■ **TO DO**: Copy out each line from the start of the material below until the line with "fixes n :: nat", that line included.
[DATA PROVIDED]
lemma span_insert_pivot:
  fixes f0 :: "'k::field ^ 'n::finite"
  assumes "k \<in> J" and "f0 \<in> supported_vecs J" and "f0 $ k = 1"
    and "vec.span B = supported_vecs (J - {k})"
  shows "vec.span (insert f0 B) = supported_vecs J"
proof
  have "B \<subseteq> supported_vecs J"
    using vec.span_superset[of B] assms(4) by (auto simp: supported_vecs_def)
  then show "vec.span (insert f0 B) \<subseteq> supported_vecs J"
    using assms(2) by (intro vec.span_minimal subspace_supported_vecs) auto
  show "supported_vecs J \<subseteq> vec.span (insert f0 B)"
  proof
    fix x :: "'k ^ 'n" assume "x \<in> supported_vecs J"
    then have "x - x $ k *s f0 \<in> vec.span B"
      using assms by (auto simp: supported_vecs_def)
    then show "x \<in> vec.span (insert f0 B)"
      using vec.span_breakdown_eq by blast
  qed
qed

section \<open>\<open>\<O>\<close>-spans\<close>

lemma mem_val_ring_iff [simp]: "c \<in> val_ring \<nu> \<longleftrightarrow> Fin 0 \<le> \<nu> c"
  by (simp add: val_ring_def)

definition val_span ::
    "('k::field \<Rightarrow> 'g::linordered_ab_group_add ext) \<Rightarrow> ('k ^ 'n::finite) set \<Rightarrow> ('k ^ 'n) set" where
  "val_span \<nu> S = {(\<Sum>i<n. c i *s y i) | (n::nat) c y. \<forall>i<n. y i \<in> S \<and> c i \<in> val_ring \<nu>}"

lemma val_spanE:
  assumes "x \<in> val_span \<nu> S"
  obtains n :: nat and c y where "x = (\<Sum>i<n. c i *s y i)" and "\<And>i. i < n \<Longrightarrow> y i \<in> S \<and> Fin 0 \<le> \<nu> (c i)"
  using assms unfolding val_span_def by auto

lemma val_spanI:
  fixes n :: nat
  shows "(\<And>i. i < n \<Longrightarrow> y i \<in> S \<and> Fin 0 \<le> \<nu> (c i)) \<Longrightarrow> (\<Sum>i<n. c i *s y i) \<in> val_span \<nu> S"
  unfolding val_span_def by auto

lemma val_span_zero: "0 \<in> val_span \<nu> S"
  using val_spanI[where n=0 and \<nu>=\<nu> and S=S] by simp

lemma val_span_scale_base: "s \<in> S \<Longrightarrow> Fin 0 \<le> \<nu> c \<Longrightarrow> c *s s \<in> val_span \<nu> S"
  using val_spanI[where n=1 and c="\<lambda>_. c" and y="\<lambda>_. s" and \<nu>=\<nu> and S=S] by simp

lemma val_span_add:
  assumes "x \<in> val_span \<nu> S" and "y \<in> val_span \<nu> S"
  shows "x + y \<in> val_span \<nu> S"
proof -
  obtain n :: nat and c u where x: "x = (\<Sum>i<n. c i *s u i)"
    and cu: "\<And>i. i < n \<Longrightarrow> u i \<in> S \<and> Fin 0 \<le> \<nu> (c i)"
    using assms(1) by (blast elim: val_spanE)
  obtain m :: nat and d w where y: "y = (\<Sum>i<m. d i *s w i)"
    and dw: "\<And>i. i < m \<Longrightarrow> w i \<in> S \<and> Fin 0 \<le> \<nu> (d i)"
    using assms(2) by (blast elim: val_spanE)
  show ?thesis
    unfolding x y scaled_sum_append by (rule val_spanI) (auto simp: cu dw)
qed

lemma val_span_sum: "(\<And>i. i \<in> A \<Longrightarrow> g i \<in> val_span \<nu> S) \<Longrightarrow> sum g A \<in> val_span \<nu> S"
  by (induction A rule: infinite_finite_induct) (auto intro: val_span_zero val_span_add)

lemma val_span_subset_zero:
  assumes "S \<subseteq> {0}"
  shows "val_span \<nu> S = {0}"
proof
  show "val_span \<nu> S \<subseteq> {0}"
  proof
    fix x assume "x \<in> val_span \<nu> S"
    then obtain n :: nat and c y where x: "x = (\<Sum>i<n. c i *s y i)" and "\<And>i. i < n \<Longrightarrow> y i \<in> S"
      by (blast elim: val_spanE)
    then have "\<And>i. i < n \<Longrightarrow> y i = 0"
      using assms by blast
    then show "x \<in> {0}"
      unfolding x by simp
  qed
  show "{0} \<subseteq> val_span \<nu> S"
    using val_span_zero by blast
qed

lemma val_span_image_linear:
  assumes "Vector_Spaces.linear (*s) (*s) g" and "x \<in> val_span \<nu> S"
  shows "g x \<in> val_span \<nu> (g ` S)"
proof -
  obtain n :: nat and c u where x: "x = (\<Sum>i<n. c i *s u i)"
    and cu: "\<And>i. i < n \<Longrightarrow> u i \<in> S \<and> Fin 0 \<le> \<nu> (c i)"
    using assms(2) by (blast elim: val_spanE)
  have "g x = (\<Sum>i<n. c i *s g (u i))"
    unfolding x using assms(1) by (simp add: vec.linear_sum vec.linear_scale)
  then show ?thesis
    using cu by (auto intro!: val_spanI)
qed

section \<open>Valuations on \<open>K\<close> and \<open>K\<^sup>d\<close>\<close>

locale valued_field =
  fixes \<nu> :: "'k::field \<Rightarrow> 'g::linordered_ab_group_add ext"
  assumes valuation: "valuation \<nu>"
begin

lemma val_eq_Infty_iff: "\<nu> x = Infty \<longleftrightarrow> x = 0"
  using valuation unfolding valuation_def by blast

lemma val_zero [simp]: "\<nu> 0 = Infty"
  by (simp add: val_eq_Infty_iff)

lemma val_mult: "\<nu> (x * y) = \<nu> x + \<nu> y"
  using valuation unfolding valuation_def by blast

lemma val_add_ge: "min (\<nu> x) (\<nu> y) \<le> \<nu> (x + y)"
  using valuation unfolding valuation_def by blast

lemma val_one [simp]: "\<nu> 1 = Fin 0"
proof -
  obtain g where g: "\<nu> 1 = Fin g"
    using val_eq_Infty_iff by (cases "\<nu> 1") auto
  have "\<nu> 1 = \<nu> 1 + \<nu> 1"
    using val_mult[of 1 1] by simp
  with g show ?thesis by simp
qed

lemma val_minus_one: "\<nu> (- 1) = Fin 0"
proof -
  obtain g where g: "\<nu> (- 1) = Fin g"
    using val_eq_Infty_iff by (cases "\<nu> (- 1)") auto
  have "\<nu> 1 = \<nu> (- 1) + \<nu> (- 1)"
    using val_mult[of "- 1" "- 1"] by simp
  with g have "g + g = 0" by simp
  then have "g = 0"
    using add_neg_neg[of g g] add_pos_pos[of g g] by (cases g "0::'g" rule: linorder_cases) auto
  with g show ?thesis by simp
qed

lemma val_minus [simp]: "\<nu> (- x) = \<nu> x"
  using val_mult[of "- 1" x] by (simp add: val_minus_one)

lemma val_diff_ge: "min (\<nu> x) (\<nu> y) \<le> \<nu> (x - y)"
  using val_add_ge[of x "- y"] by simp

lemma val_sum_ge: "(\<And>i. i \<in> A \<Longrightarrow> c \<le> \<nu> (g i)) \<Longrightarrow> c \<le> \<nu> (sum g A)"
proof (induction A rule: infinite_finite_induct)
  case (insert i A)
  then have "c \<le> min (\<nu> (g i)) (\<nu> (sum g A))"
    by simp
  also have "\<dots> \<le> \<nu> (sum g (insert i A))"
    using insert.hyps by (simp add: val_add_ge)
  finally show ?case .
qed simp_all

lemma val_divide_nonneg:
  assumes "\<nu> b \<le> \<nu> a" and "b \<noteq> 0"
  shows "Fin 0 \<le> \<nu> (a / b)"
proof -
  obtain g where g: "\<nu> b = Fin g"
    using assms(2) val_eq_Infty_iff by (cases "\<nu> b") auto
  have "\<nu> a = \<nu> (a / b) + Fin g"
    using val_mult[of "a / b" b] assms(2) g by simp
  with assms(1) g show ?thesis
    by (cases "\<nu> (a / b)") auto
qed

lemma vec_val_ge_iff: "c \<le> vec_val \<nu> x \<longleftrightarrow> (\<forall>i. c \<le> \<nu> (x $ i))"
  unfolding vec_val_def by (subst Min_ge_iff) auto

lemma vec_val_le: "vec_val \<nu> x \<le> \<nu> (x $ i)"
  using vec_val_ge_iff by blast

lemma vec_val_attained: "\<exists>i. vec_val \<nu> x = \<nu> (x $ i)"
proof -
  have "vec_val \<nu> x \<in> range (\<lambda>i. \<nu> (x $ i))"
    unfolding vec_val_def by (rule Min_in) auto
  then show ?thesis by auto
qed

lemma vec_val_eq_Infty_iff: "vec_val \<nu> x = Infty \<longleftrightarrow> x = 0"
  using vec_val_ge_iff[of Infty x] by (simp add: val_eq_Infty_iff vec_eq_iff)

lemma vec_val_zero [simp]: "vec_val \<nu> 0 = Infty"
  by (simp add: vec_val_eq_Infty_iff)

lemma vec_val_add_ge: "min (vec_val \<nu> x) (vec_val \<nu> y) \<le> vec_val \<nu> (x + y)"
proof (unfold vec_val_ge_iff, intro allI)
  fix i
  have "min (vec_val \<nu> x) (vec_val \<nu> y) \<le> min (\<nu> (x $ i)) (\<nu> (y $ i))"
    by (intro min.mono vec_val_le)
  also have "\<dots> \<le> \<nu> ((x + y) $ i)"
    by (simp add: val_add_ge)
  finally show "min (vec_val \<nu> x) (vec_val \<nu> y) \<le> \<nu> ((x + y) $ i)" .
qed

lemma vec_val_minus [simp]: "vec_val \<nu> (- x) = vec_val \<nu> x"
  by (simp add: vec_val_def)

lemma vec_val_diff_ge: "min (vec_val \<nu> x) (vec_val \<nu> y) \<le> vec_val \<nu> (x - y)"
  using vec_val_add_ge[of x "- y"] by simp

lemma vec_val_scale: "vec_val \<nu> (a *s x) = \<nu> a + vec_val \<nu> x"
proof (rule antisym)
  obtain i where i: "vec_val \<nu> x = \<nu> (x $ i)"
    using vec_val_attained by blast
  show "vec_val \<nu> (a *s x) \<le> \<nu> a + vec_val \<nu> x"
    using vec_val_le[of "a *s x" i] i by (simp add: val_mult)
  show "\<nu> a + vec_val \<nu> x \<le> vec_val \<nu> (a *s x)"
    unfolding vec_val_ge_iff by (simp add: val_mult ext_add_left_mono vec_val_le)
qed

lemma vec_val_sum_ge: "(\<And>i. i \<in> A \<Longrightarrow> c \<le> vec_val \<nu> (g i)) \<Longrightarrow> c \<le> vec_val \<nu> (sum g A)"
  unfolding vec_val_ge_iff sum_component by (blast intro: val_sum_ge)

lemma val_span_base: "S \<subseteq> val_span \<nu> S"
  using val_span_scale_base[where c=1 and S=S and \<nu>=\<nu>] by auto

lemma val_span_scale:
  assumes "x \<in> val_span \<nu> S" and "Fin 0 \<le> \<nu> a"
  shows "a *s x \<in> val_span \<nu> S"
proof -
  obtain n :: nat and c u where x: "x = (\<Sum>i<n. c i *s u i)"
    and cu: "\<And>i. i < n \<Longrightarrow> u i \<in> S \<and> Fin 0 \<le> \<nu> (c i)"
    using assms(1) by (blast elim: val_spanE)
  have "Fin 0 \<le> \<nu> (a * c i)" if "i < n" for i
    using order_trans[OF assms(2) ext_le_add_nonneg[OF conjunct2[OF cu[OF that]]]]
    by (simp add: val_mult)
  then have "(\<Sum>i<n. (a * c i) *s u i) \<in> val_span \<nu> S"
    using cu by (auto intro: val_spanI)
  then show ?thesis
    unfolding x by (simp add: vec.scale_sum_right)
qed

lemma val_span_subset: "A \<subseteq> val_span \<nu> B \<Longrightarrow> val_span \<nu> A \<subseteq> val_span \<nu> B"
  by (auto elim!: val_spanE intro!: val_span_sum val_span_scale)

lemma vconv_eq_val_span:
  assumes "0 \<in> vconv \<nu> S"
  shows "vconv \<nu> S = val_span \<nu> S"
proof
  show "vconv \<nu> S \<subseteq> val_span \<nu> S"
    unfolding vconv_def val_span_def by blast
  obtain m :: nat and \<alpha> z where zero: "0 = (\<Sum>i<m. \<alpha> i *s z i)" and "m \<ge> 1"
    and \<alpha>z: "\<forall>i<m. z i \<in> S \<and> Fin 0 \<le> \<nu> (\<alpha> i)" and \<alpha>1: "(\<Sum>i<m. \<alpha> i) = 1"
    using assms unfolding vconv_def by auto
  show "val_span \<nu> S \<subseteq> vconv \<nu> S"
  proof
    fix x assume "x \<in> val_span \<nu> S"
    then obtain n :: nat and c u where x: "x = (\<Sum>i<n. c i *s u i)"
      and cu: "\<And>i. i < n \<Longrightarrow> u i \<in> S \<and> Fin 0 \<le> \<nu> (c i)"
      by (blast elim: val_spanE)
    define t where "t = 1 - (\<Sum>i<n. c i)"
    have "Fin 0 \<le> \<nu> (\<Sum>i<n. c i)"
      by (rule val_sum_ge) (simp add: cu)
    then have t: "Fin 0 \<le> \<nu> t"
      using val_diff_ge[of 1 "\<Sum>i<n. c i"] unfolding t_def by simp
    text \<open>Pad \<open>x\<close> with \<open>t\<close> times the given representation of \<open>0\<close> to make the coefficients sum to \<open>1\<close>.\<close>
    define c' where "c' i = (if i < n then c i else t * \<alpha> (i - n))" for i
    define u' where "u' i = (if i < n then u i else z (i - n))" for i
    have "x = x + t *s (\<Sum>i<m. \<alpha> i *s z i)"
      unfolding zero[symmetric] by simp
    also have "\<dots> = (\<Sum>i<n. c i *s u i) + (\<Sum>i<m. (t * \<alpha> i) *s z i)"
      by (simp add: x vec.scale_sum_right)
    also have "\<dots> = (\<Sum>i<n + m. c' i *s u' i)"
      unfolding c'_def u'_def by (rule scaled_sum_append)
    finally have "x = (\<Sum>i<n + m. c' i *s u' i)" .
    moreover have "(\<Sum>i<n + m. c' i) = 1"
      using sum_lessThan_append[where n=n and m=m and g=c and h="\<lambda>i. t * \<alpha> i"]
      by (simp add: c'_def sum_distrib_left[symmetric] \<alpha>1 t_def)
    moreover have "\<forall>i<n + m. u' i \<in> S \<and> c' i \<in> val_ring \<nu>"
      using cu \<alpha>z t order_trans[OF t ext_le_add_nonneg]
      by (auto simp: c'_def u'_def val_mult)
    ultimately show "x \<in> vconv \<nu> S"
      unfolding vconv_def using \<open>m \<ge> 1\<close>
      by (intro CollectI exI[of _ "n + m"] exI[of _ c'] exI[of _ u']) simp
  qed
qed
[/DATA PROVIDED]
■ **PROBLEM SOLUTION**:
lemma span_insert_pivot:
  fixes f0 :: "'k::field ^ 'n::finite"
  assumes "k \<in> J" and "f0 \<in> supported_vecs J" and "f0 $ k = 1"
    and "vec.span B = supported_vecs (J - {k})"
  shows "vec.span (insert f0 B) = supported_vecs J"
proof
  have "B \<subseteq> supported_vecs J"
    using vec.span_superset[of B] assms(4) by (auto simp: supported_vecs_def)
  then show "vec.span (insert f0 B) \<subseteq> supported_vecs J"
    using assms(2) by (intro vec.span_minimal subspace_supported_vecs) auto
  show "supported_vecs J \<subseteq> vec.span (insert f0 B)"
  proof
    fix x :: "'k ^ 'n" assume "x \<in> supported_vecs J"
    then have "x - x $ k *s f0 \<in> vec.span B"
      using assms by (auto simp: supported_vecs_def)
    then show "x \<in> vec.span (insert f0 B)"
      using vec.span_breakdown_eq by blast
  qed
qed

section \<open>\<open>\<O>\<close>-spans\<close>

lemma mem_val_ring_iff [simp]: "c \<in> val_ring \<nu> \<longleftrightarrow> Fin 0 \<le> \<nu> c"
  by (simp add: val_ring_def)

definition val_span ::
    "('k::field \<Rightarrow> 'g::linordered_ab_group_add ext) \<Rightarrow> ('k ^ 'n::finite) set \<Rightarrow> ('k ^ 'n) set" where
  "val_span \<nu> S = {(\<Sum>i<n. c i *s y i) | (n::nat) c y. \<forall>i<n. y i \<in> S \<and> c i \<in> val_ring \<nu>}"

lemma val_spanE:
  assumes "x \<in> val_span \<nu> S"
  obtains n :: nat and c y where "x = (\<Sum>i<n. c i *s y i)" and "\<And>i. i < n \<Longrightarrow> y i \<in> S \<and> Fin 0 \<le> \<nu> (c i)"
  using assms unfolding val_span_def by auto

lemma val_spanI:
  fixes n :: nat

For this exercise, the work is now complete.